NOTE: This is the third time today I've sent this email and it still hasn't found its way into the archive. Hopefully this one will get through.
LDC wrote:
There's no provision for nested tables. I don't think
there's a good enough case for their necessity. Cell backgrounds and borders can be done with styles.
Well I and many other very hard-working Wikipedians think there is a very real need for nested tables. They are used in each these converted articles; organisms (that nested table has a border=0), countries, heads of state, elements, and sub-national entities. And this list doesn't include the many other
non-project related nested tables.
So if http://www.wikipedia.org/wiki/Beryllium cannot be replicated pretty much as-is in wikicode then I for will have a fit (I'm sure many others will join me).
Yeah, that nested table is a nuisance. I'll have to think about that.
There are two nested tables; the obvious one in the isotopes section and the navigation nested table in the first cell of the larger table (which in turn has an image embedded in it). Both are necessary to the functioning of the table and are not a "nuisance" at all.

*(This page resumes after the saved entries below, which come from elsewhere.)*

(* In a $\$$-bounded contract, let $\mathcal{A}$ be an infinite cluster in $(s,\mathcal{P})$ such that $\mathrm{MEV}_{\mathcal{A}}(s,\mathcal{P})>0$. Then $\mathcal{A}$ is a MEV-attacker in $(s,\mathcal{P})$, i.e. an $f$-attacker for $f(\mathcal{B},s,\mathcal{P})=\mathrm{MEV}_{\mathcal{B}}(s,\mathcal{P})$.
   Context: Fix a countably infinite set $\mathbb{A}$ of actors, a set $\mathbb{T}$ of token types and a set $\mathbb{X}$ of transactions. A wallet is a function $\mathbb{T}\to\mathbb{N}$; $\mathbb{W}_{\mathrm{fin}}$ is the set of finite-support wallets. A wallet state is $W:\mathbb{A}\to(\mathbb{T}\to\mathbb{N})$ satisfying the finite tokens axiom $\sum_{\tau}\sum_{a}W(a)(\tau)\in\mathbb{N}$; wallet states are added pointwise, $W(\mathcal{A})=\sum_{a\in\mathcal{A}}W(a)$, and $\mathrm{own}(W)=\{a:\exists\tau.\,W(a)(\tau)>0\}$. A contract consists of blockchain states $\mathbb{S}=\mathbb{C}\times\mathbb{W}$ (contract state, wallet state), a partial transition function $\mapsto:(\mathbb{S}\times\mathbb{X})\rightharpoonup\mathbb{S}$ and initial states $\mathbb{S}_0$. A transaction $x$ is valid in $s$ if $s\xmapsto{x}s'$ for some $s'$. For finite sequences, $s\xrightarrow{\varepsilon}s$, and $s\xrightarrow{\vec{Y}x}s'$ iff either $s\xrightarrow{\vec{Y}}s''\xmapsto{x}s'$, or $s\xrightarrow{\vec{Y}}s'$ and $x$ is not valid in $s'$. $W(s)$ is the wallet state of $s$; $W_{\mathcal{A}}(s)=\sum_{a\in\mathcal{A}}W(s)(a)$. A wealth function is an additive map $\$:\mathbb{W}_{\mathrm{fin}}\to\mathbb{N}$; $\$_{\mathcal{A}}(s)=\$(W_{\mathcal{A}}(s))$; gain $G_{\mathcal{A}}(s,\vec{X})=\$_{\mathcal{A}}(s')-\$_{\mathcal{A}}(s)$ where $s\xrightarrow{\vec X}s'$. The contract is $\$$-bounded if for every $s_0\in\mathbb{S}_0$ there is $n$ such that $\$_{\mathbb{A}}(s)<n$ for all $s$ reachable from $s_0$. A transaction deducibility function $\kappa:\mathcal{P}(\mathbb{A})\times\mathcal{P}(\mathbb{X})\to\mathcal{P}(\mathbb{X})$, $(\mathcal{A},\mathcal{X})\mapsto\kappa_{\mathcal{A}}(\mathcal{X})$, satisfies: extensivity; idempotence; monotonicity in both arguments; continuity on increasing chains; finite causes (every finite $\mathcal{X}_0$ lies in $\kappa_{\mathcal{A}_0}(\emptyset)$ for a finite $\mathcal{A}_0$); private knowledge ($\kappa_{\mathcal{A}}(\emptyset)\subseteq\kappa_{\mathcal{A}'}(\emptyset)\Rightarrow\mathcal{A}\subseteq\mathcal{A}'$); no shared secrets ($\kappa_{\mathcal{A}}(\mathcal{X})\cap\kappa_{\mathcal{B}}(\mathcal{X})\subseteq\kappa_{\mathcal{A}\cap\mathcal{B}}(\mathcal{X})$). $\mathcal{X}^*$ denotes finite sequences over $\mathcal{X}$. $\mathrm{uG}_{\mathcal{A}}(s)=\max\{G_{\mathcal{A}}(s,\vec{Y}):\vec{Y}\in\kappa_{\mathcal{A}}(\emptyset)^*\}$; $\mathrm{xG}_{\mathcal{A}}(s,\vec{Y})=G_{\mathcal{A}}(s,\vec{Y})-\mathrm{uG}_{\mathcal{A}}(s)$; $\mathrm{MEV}_{\mathcal{A}}(s,\mathcal{P})=\max\{\mathrm{xG}_{\mathcal{A}}(s,\vec{Y}):\vec{Y}\in\kappa_{\mathcal{A}}(\mathcal{P})^*\}$. A renaming of $\mathcal{A}$ is a permutation $\rho:\mathcal{A}\to\mathcal{A}$ (identity outside $\mathcal{A}$ on sets of actors); $(W\rho)(a)=W(\rho^{-1}(a))$ for $a\in\mathcal{A}$, $W(a)$ otherwise; $(\sigma,W)\rho=(\sigma,W\rho)$. $\mathcal{A}$ is a cluster in $(s,\mathcal{P})$ iff for all renamings $\rho_0,\rho_1$ of $\mathcal{A}$, all $\mathcal{B}\subseteq\mathcal{A}$, $s'$, $\vec{X}$, $\mathcal{Y}\subseteq\mathcal{P}$: if $s\rho_0\xrightarrow{\vec{X}}s'$ with $\vec{X}\in\kappa_{\rho_0(\mathcal{B})}(\mathcal{Y})^*$, then there exist $\vec{X}',r'$ with $s\rho_1\xrightarrow{\vec{X}'}r'$, $\vec{X}'\in\kappa_{\rho_1(\mathcal{B})}(\mathcal{Y})^*$ and $W(r')=(W(s')\rho_0^{-1})\rho_1$. $W'$ is an $(\mathcal{A},\mathcal{B})$-wallet redistribution of $W$ iff there exist $W_{\mathcal{A}},W_{\mathcal{B}},W_{\mathcal{C}}$ with $W=W_{\mathcal{A}}+W_{\mathcal{C}}$, $\mathrm{own}(W_{\mathcal{A}})\subseteq\mathcal{A}$; $W'=W_{\mathcal{B}}+W_{\mathcal{C}}$, $\mathrm{own}(W_{\mathcal{B}})\subseteq\mathcal{B}$; $\mathrm{own}(W_{\mathcal{C}})\subseteq\mathbb{A}\setminus(\mathcal{A}\cup\mathcal{B})$; $W_{\mathcal{A}}(\mathbb{A})=W_{\mathcal{B}}(\mathbb{A})$; a state $s'$ is an $(\mathcal{A},\mathcal{B})$-wallet redistribution of $s$ iff this holds for their wallet states and they have the same contract state. For $f:\mathcal{P}(\mathbb{A})\times\mathbb{S}\times\mathcal{P}(\mathbb{X})\to\mathbb{Z}$, an infinite $\mathcal{A}$ is an $f$-attacker in $(s,\mathcal{P})$ if for every infinite $\mathcal{B}\subseteq\mathcal{A}$ there is an $(\mathcal{A},\mathcal{B})$-wallet redistribution $s'$ of $s$ with $f(\mathcal{B},s',\mathcal{P})>0$. *)

theory Defs
  imports "HOL-Analysis.Analysis" "HOL-Library.Function_Algebras"
begin

(* Types: 'a actors, 't token types, 'x transactions, 'c contract states.
   A blockchain state is a pair (contract state, wallet state). *)

type_synonym ('a,'t) wstate = "'a \<Rightarrow> 't \<Rightarrow> nat"
type_synonym ('c,'a,'t) bstate = "'c \<times> ('a,'t) wstate"

(* finite tokens axiom: sum_tau sum_a W(a)(tau) is a natural number,
   i.e. only finitely many (a,tau) with nonzero amount *)
definition wstate_ok :: "('a,'t) wstate \<Rightarrow> bool" where
  "wstate_ok W \<longleftrightarrow> finite {(a,\<tau>). W a \<tau> \<noteq> 0}"

definition wallet_fin :: "('t \<Rightarrow> nat) \<Rightarrow> bool" where
  "wallet_fin w \<longleftrightarrow> finite {\<tau>. w \<tau> \<noteq> 0}"

(* W(A) = sum_{a in A} W(a)  (only nonzero summands, which are finitely many
   for a wallet state satisfying the finite tokens axiom) *)
definition wsum :: "('a,'t) wstate \<Rightarrow> 'a set \<Rightarrow> ('t \<Rightarrow> nat)" where
  "wsum W A = (\<lambda>\<tau>. \<Sum>a | a \<in> A \<and> W a \<tau> \<noteq> 0. W a \<tau>)"

definition own :: "('a,'t) wstate \<Rightarrow> 'a set" where
  "own W = {a. \<exists>\<tau>. W a \<tau> > 0}"

definition contract_ok ::
  "(('c,'a,'t) bstate \<Rightarrow> 'x \<Rightarrow> ('c,'a,'t) bstate option) \<Rightarrow> ('c,'a,'t) bstate set \<Rightarrow> bool" where
  "contract_ok step S0 \<longleftrightarrow>
     (\<forall>s\<in>S0. wstate_ok (snd s)) \<and>
     (\<forall>s x s'. wstate_ok (snd s) \<longrightarrow> step s x = Some s' \<longrightarrow> wstate_ok (snd s'))"

definition run ::
  "(('c,'a,'t) bstate \<Rightarrow> 'x \<Rightarrow> ('c,'a,'t) bstate option) \<Rightarrow> ('c,'a,'t) bstate \<Rightarrow> 'x list \<Rightarrow> ('c,'a,'t) bstate" where
  "run step s xs = foldl (\<lambda>r x. case step r x of None \<Rightarrow> r | Some r' \<Rightarrow> r') s xs"

definition reachable ::
  "(('c,'a,'t) bstate \<Rightarrow> 'x \<Rightarrow> ('c,'a,'t) bstate option) \<Rightarrow> ('c,'a,'t) bstate \<Rightarrow> ('c,'a,'t) bstate \<Rightarrow> bool" where
  "reachable step s0 s \<longleftrightarrow> (\<exists>xs. run step s0 xs = s)"

definition wealth_fn :: "(('t \<Rightarrow> nat) \<Rightarrow> nat) \<Rightarrow> bool" where
  "wealth_fn wl \<longleftrightarrow>
     (\<forall>w1 w2. wallet_fin w1 \<longrightarrow> wallet_fin w2 \<longrightarrow> wl (w1 + w2) = wl w1 + wl w2)"
lemma dim_annihilator_independent:
  assumes "finite X" "vec.independent (X :: ('k::field^3) set)"
  shows "vec.dim (annihilator X) + card X = 3"
  using assms
proof (induction X rule: finite_induct)
  case empty
  show ?case by (simp add: card_cart_basis)
next
  case (insert b X)
  have indX: "vec.independent X" and bX: "b \<notin> vec.span X"
    using insert.prems insert.hyps(2) by (auto simp: vec.independent_insert)
  have le: "vec.dim (annihilator X) \<le> vec.dim (annihilator (insert b X)) + 1"
    unfolding annihilator_insert by (rule dim_le_dim_inter_kernel[OF subspace_annihilator])
  obtain y where "\<forall>x\<in>X. wedge_pairing x y = 0" "wedge_pairing b y \<noteq> 0"
    using wedge_pairing_separates[OF indX bX] by blast
  then have "annihilator (insert b X) \<subset> annihilator X"
    by (auto simp: annihilator_def)
  then have "vec.dim (annihilator (insert b X)) < vec.dim (annihilator X)"
    by (simp add: vec.dim_psubset subspace_annihilator vec.span_eq_iff[THEN iffD2])
  then show ?case using insert.IH[OF indX] le insert.hyps by simp
qed

lemma dim_annihilator:
  assumes W: "vec.subspace (W :: ('k::field^3) set)"
  shows "vec.dim (annihilator W) + vec.dim W = 3"
proof -
  obtain B where B: "B \<subseteq> W" "vec.independent B" "W \<subseteq> vec.span B" "card B = vec.dim W"
    using vec.basis_exists by blast
  have "W = vec.span B"
    using B vec.span_minimal[OF B(1) W] by auto
  then have "annihilator W = annihilator B" by (simp add: annihilator_span)
  then show ?thesis
    using dim_annihilator_independent[OF vec.finiteI_independent[OF B(2)] B(2)] B(4) by simp
qed

lemma annihilator_annihilator:
  assumes W: "vec.subspace (W :: ('k::field^3) set)"
  shows "annihilator (annihilator W) = W"
proof -
  have "W \<subseteq> annihilator (annihilator W)"
    unfolding annihilator_def by (auto simp: wedge_pairing_commute)
  moreover have "vec.dim (annihilator (annihilator W)) \<le> vec.dim W"
    using dim_annihilator[OF subspace_annihilator, of W] dim_annihilator[OF W] by simp
  ultimately have "W = annihilator (annihilator W)"
    by (rule vec.subspace_dim_equal[OF W subspace_annihilator])
  then show ?thesis by simp
qed

lemma annihilator_UNIV [simp]: "annihilator (UNIV::('k::field^3) set) = {0}"
  using annihilator_annihilator[of "{0}"] by (simp add: vec.subspace_0)

lemma annihilator_Inter:
  assumes "\<And>A. A \<in> C \<Longrightarrow> vec.subspace (A::('k::field^3) set)"
  shows "annihilator (\<Inter>C) = vec.span (\<Union>(annihilator ` C))"
proof -
  have "\<Inter>C = annihilator (vec.span (\<Union>(annihilator ` C)))"
    using assms by (simp add: annihilator_span annihilator_Union annihilator_annihilator)
  then show ?thesis
    by (simp add: annihilator_annihilator)
qed

section \<open>Representations dual under the wedge pairing\<close>

lemma rep_apply_inv:
  assumes "group G" "is_rep G R" "g \<in> carrier G"
  shows "R g *v (R (inv\<^bsub>G\<^esub> g) *v x) = x"
proof -
  have "R g ** R (inv\<^bsub>G\<^esub> g) = mat 1"
    using assms by (metis group.inv_closed group.r_inv is_rep_def)
  then show ?thesis by (simp add: matrix_vector_mul_assoc)
qed

lemma invariant_subspace: "invariant G R W \<Longrightarrow> vec.subspace W"
  by (simp add: invariant_def)

locale wedge_dual_reps =
  fixes G :: "('g, 'h) monoid_scheme" and R E :: "'g \<Rightarrow> 'k::field ^3 ^3"
  assumes group_G: "group G" and rep_R: "is_rep G R" and rep_E: "is_rep G E"
    and wedge_pairing_twisted:
      "\<And>g. g \<in> carrier G \<Longrightarrow> \<exists>c. \<forall>x y. wedge_pairing (R g *v x) (E g *v y) = c * wedge_pairing x y"
begin

lemma swap: "wedge_dual_reps G E R"
proof (rule wedge_dual_reps.intro[OF group_G rep_E rep_R])
  fix g assume "g \<in> carrier G"
  then obtain c where c: "\<And>x y. wedge_pairing (R g *v x) (E g *v y) = c * wedge_pairing x y"
    using wedge_pairing_twisted by blast
  have "wedge_pairing (E g *v x) (R g *v y) = c * wedge_pairing x y" for x y
    using c[of y x] by (simp only: wedge_pairing_commute)
  then show "\<exists>c. \<forall>x y. wedge_pairing (E g *v x) (R g *v y) = c * wedge_pairing x y"
    by blast
qed

lemma invariant_annihilator:
  assumes W: "invariant G R W"
  shows "invariant G E (annihilator W)"
  unfolding invariant_def
proof (intro conjI ballI subspace_annihilator)
  fix g y assume g: "g \<in> carrier G" and y: "y \<in> annihilator W"
  obtain c where c: "\<And>x y. wedge_pairing (R g *v x) (E g *v y) = c * wedge_pairing x y"
    using wedge_pairing_twisted[OF g] by blast
  show "E g *v y \<in> annihilator W"
    unfolding annihilator_def
  proof (intro CollectI ballI)
    fix x assume "x \<in> W"
    \<comment> \<open>write \<open>x = R g (R g\<inverse> x)\<close> with \<open>R g\<inverse> x \<in> W\<close>\<close>
    then have "wedge_pairing (R (inv\<^bsub>G\<^esub> g) *v x) y = 0"
      using W y g group_G by (auto simp: invariant_def annihilator_def)
    then show "wedge_pairing x (E g *v y) = 0"
      using c[of "R (inv\<^bsub>G\<^esub> g) *v x" y] rep_apply_inv[OF group_G rep_R g] by simp
  qed
qed

lemma maximal_sub_annihilator:
  assumes W: "irreducible_sub G R W"
  shows "maximal_sub G E (annihilator W)"
proof -
  have WI: "invariant G R W" and W0: "W \<noteq> {0}"
    and Wmin: "\<And>U. invariant G R U \<Longrightarrow> U \<subseteq> W \<Longrightarrow> U = {0} \<or> U = W"
    using W by (auto simp: irreducible_sub_def)
  have Ws: "vec.subspace W" using WI by (rule invariant_subspace)
  have "annihilator W \<noteq> UNIV"
    using annihilator_annihilator[OF Ws] W0 by force
  moreover have "U = annihilator W \<or> U = UNIV"
    if U: "invariant G E U" "annihilator W \<subseteq> U" for U
  proof -
    have "annihilator U \<subseteq> W"
      using annihilator_antimono[OF U(2)] annihilator_annihilator[OF Ws] by simp
    then have "annihilator U = {0} \<or> annihilator U = W"
      using Wmin wedge_dual_reps.invariant_annihilator[OF swap U(1)] by blast
    then show ?thesis
      using annihilator_annihilator[OF invariant_subspace[OF U(1)]] by force
  qed
  ultimately show ?thesis
    unfolding maximal_sub_def using invariant_annihilator[OF WI] by blast
qed

lemma irreducible_sub_annihilator:
  assumes W: "maximal_sub G R W"
  shows "irreducible_sub G E (annihilator W)"
proof -
  have WI: "invariant G R W" and W1: "W \<noteq> UNIV"
    and Wmax: "\<And>U. invariant G R U \<Longrightarrow> W \<subseteq> U \<Longrightarrow> U = W \<or> U = UNIV"
    using W by (auto simp: maximal_sub_def)
  have Ws: "vec.subspace W" using WI by (rule invariant_subspace)
  have "annihilator W \<noteq> {0}"
    using annihilator_annihilator[OF Ws] W1 by force
  moreover have "U = {0} \<or> U = annihilator W"
    if U: "invariant G E U" "U \<subseteq> annihilator W" for U
  proof -
    have "W \<subseteq> annihilator U"
      using annihilator_antimono[OF U(2)] annihilator_annihilator[OF Ws] by simp
    then have "annihilator U = W \<or> annihilator U = UNIV"
      using Wmax wedge_dual_reps.invariant_annihilator[OF swap U(1)] by blast
    then show ?thesis
      using annihilator_annihilator[OF invariant_subspace[OF U(1)]] by force
  qed
  ultimately show ?thesis
    unfolding irreducible_sub_def using invariant_annihilator[OF WI] by blast
qed

lemma irreducible_subs_eq: "{Y. irreducible_sub G E Y} = annihilator ` {M. maximal_sub G R M}"
proof (intro equalityI subsetI)
  fix Y assume "Y \<in> {Y. irreducible_sub G E Y}"
  then have "maximal_sub G R (annihilator Y)" "Y = annihilator (annihilator Y)"
    using wedge_dual_reps.maximal_sub_annihilator[OF swap] annihilator_annihilator
    by (auto simp: irreducible_sub_def invariant_def)
  then show "Y \<in> annihilator ` {M. maximal_sub G R M}" by blast
qed (use irreducible_sub_annihilator in blast)

lemma maximal_subs_eq: "{Y. maximal_sub G E Y} = annihilator ` {M. irreducible_sub G R M}"
proof (intro equalityI subsetI)
  fix Y assume "Y \<in> {Y. maximal_sub G E Y}"
  then have "irreducible_sub G R (annihilator Y)" "Y = annihilator (annihilator Y)"
    using wedge_dual_reps.irreducible_sub_annihilator[OF swap] annihilator_annihilator
    by (auto simp: maximal_sub_def invariant_def)
  then show "Y \<in> annihilator ` {M. irreducible_sub G R M}" by blast
qed (use maximal_sub_annihilator in blast)

lemma socle_eq_annihilator_radical: "socle G E = annihilator (radical G R)"
  unfolding socle_def radical_def irreducible_subs_eq
  by (rule annihilator_Inter[symmetric]) (auto simp: maximal_sub_def invariant_def)

lemma radical_eq_annihilator_socle: "radical G E = annihilator (socle G R)"
  unfolding socle_def radical_def maximal_subs_eq
  by (simp add: annihilator_span annihilator_Union)

lemma socle_dim_eq_cosocle_dim: "socle_dim G E = cosocle_dim G R"
proof -
  have "vec.subspace (radical G R)"
    unfolding radical_def
    by (rule vec.subspace_Inter) (auto simp: maximal_sub_def invariant_def)
  then show ?thesis
    using dim_annihilator[of "radical G R"]
    by (simp add: socle_dim_def cosocle_dim_def socle_eq_annihilator_radical)
qed

lemma cosocle_dim_eq_socle_dim: "cosocle_dim G E = socle_dim G R"
  using dim_annihilator[of "socle G R"]
  by (simp add: socle_dim_def cosocle_dim_def socle_def radical_eq_annihilator_socle)

end

section \<open>Upper triangular representations\<close>

definition upper_triangular_rep ::
    "('g, 'h) monoid_scheme \<Rightarrow> ('g \<Rightarrow> 'k::field ^3 ^3) \<Rightarrow> ('g \<Rightarrow> 'k) \<Rightarrow> ('g \<Rightarrow> 'k) \<Rightarrow> ('g \<Rightarrow> 'k) \<Rightarrow> bool" where
  "upper_triangular_rep G E a b c \<longleftrightarrow> (\<forall>g\<in>carrier G. \<exists>d e f. E g = upper3 (a g) (b g) (c g) d e f)"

An alternative solution is to only allow HTML syntax to be rendered if it is in a table:namespace
page.
As I said before, I want to eliminate the complexity,
not just move it around. I want newbies to have some chance of being to edit the table as well as the prose around it.
Do you have /any/ idea about how much work would be undone and have to be redone in a diminished format if
the document as is were implemented? Thousands of pages will be broken and many users, including me, may
get fed-up with Wikipedia and leave.
A table is going to be dense and intimidating to nontechnical users no matter what but tables are very useful when it comes to effectively presenting tabular
data (something we have a lot of). Thus putting this complexity on a separate page seems to be a good compromise between preventing newbies from not being intimidated by hordes of markup and allowing more seasoned users the ability to present tabular data in a table.
How the page functions for the reader is just as important as how it functions for the writer. And just
as different writers have different abilities to contribute prose to an article, we have different coders with different abilities to add markup to articles.
We don't dumb down the prose of articles to reach the lowest common denominator reader/writer (except for intro paragraphs) and we should not similarly dumb down the markup just to make things a bit easier for the lowest common denominator coder. Just segregate the tables from the prose and both the markup- phobic and the markup gurus will be happy (that's not to say that I advocate for full HTML support; just move the HTML off of the regular article page and into
its own namespace).
I would still like to know if a conversion script would be run. If not, then disabling HTML would make Wikipedia look badly broken with the displayed text of
tens of thousands of instances of HTML markup. And all
that would have to be re-coded in the new syntax by hand. If it is run then the script is going to mangle any table that has markup in it that is no supported in the proposed wikicode. Either way we are talking about changing masses of content that somebody
is going to have to repair.
Why in the world is it necessary to break so many things and therefore create so much added work? The negative side-effects of the proposed WikiSyntax will cause far more problems than it purports to solve, IMO.
Please replicate in WikiCode the HTML we currently support (well, maybe not the obscure stuff that is hardly ever used) and/or create a table:namespace.
-- Daniel Mayer (aka mav)
PS - We've seem to have done fine during the past 2+ years with tolerating HTML where it makes sense (such as tables).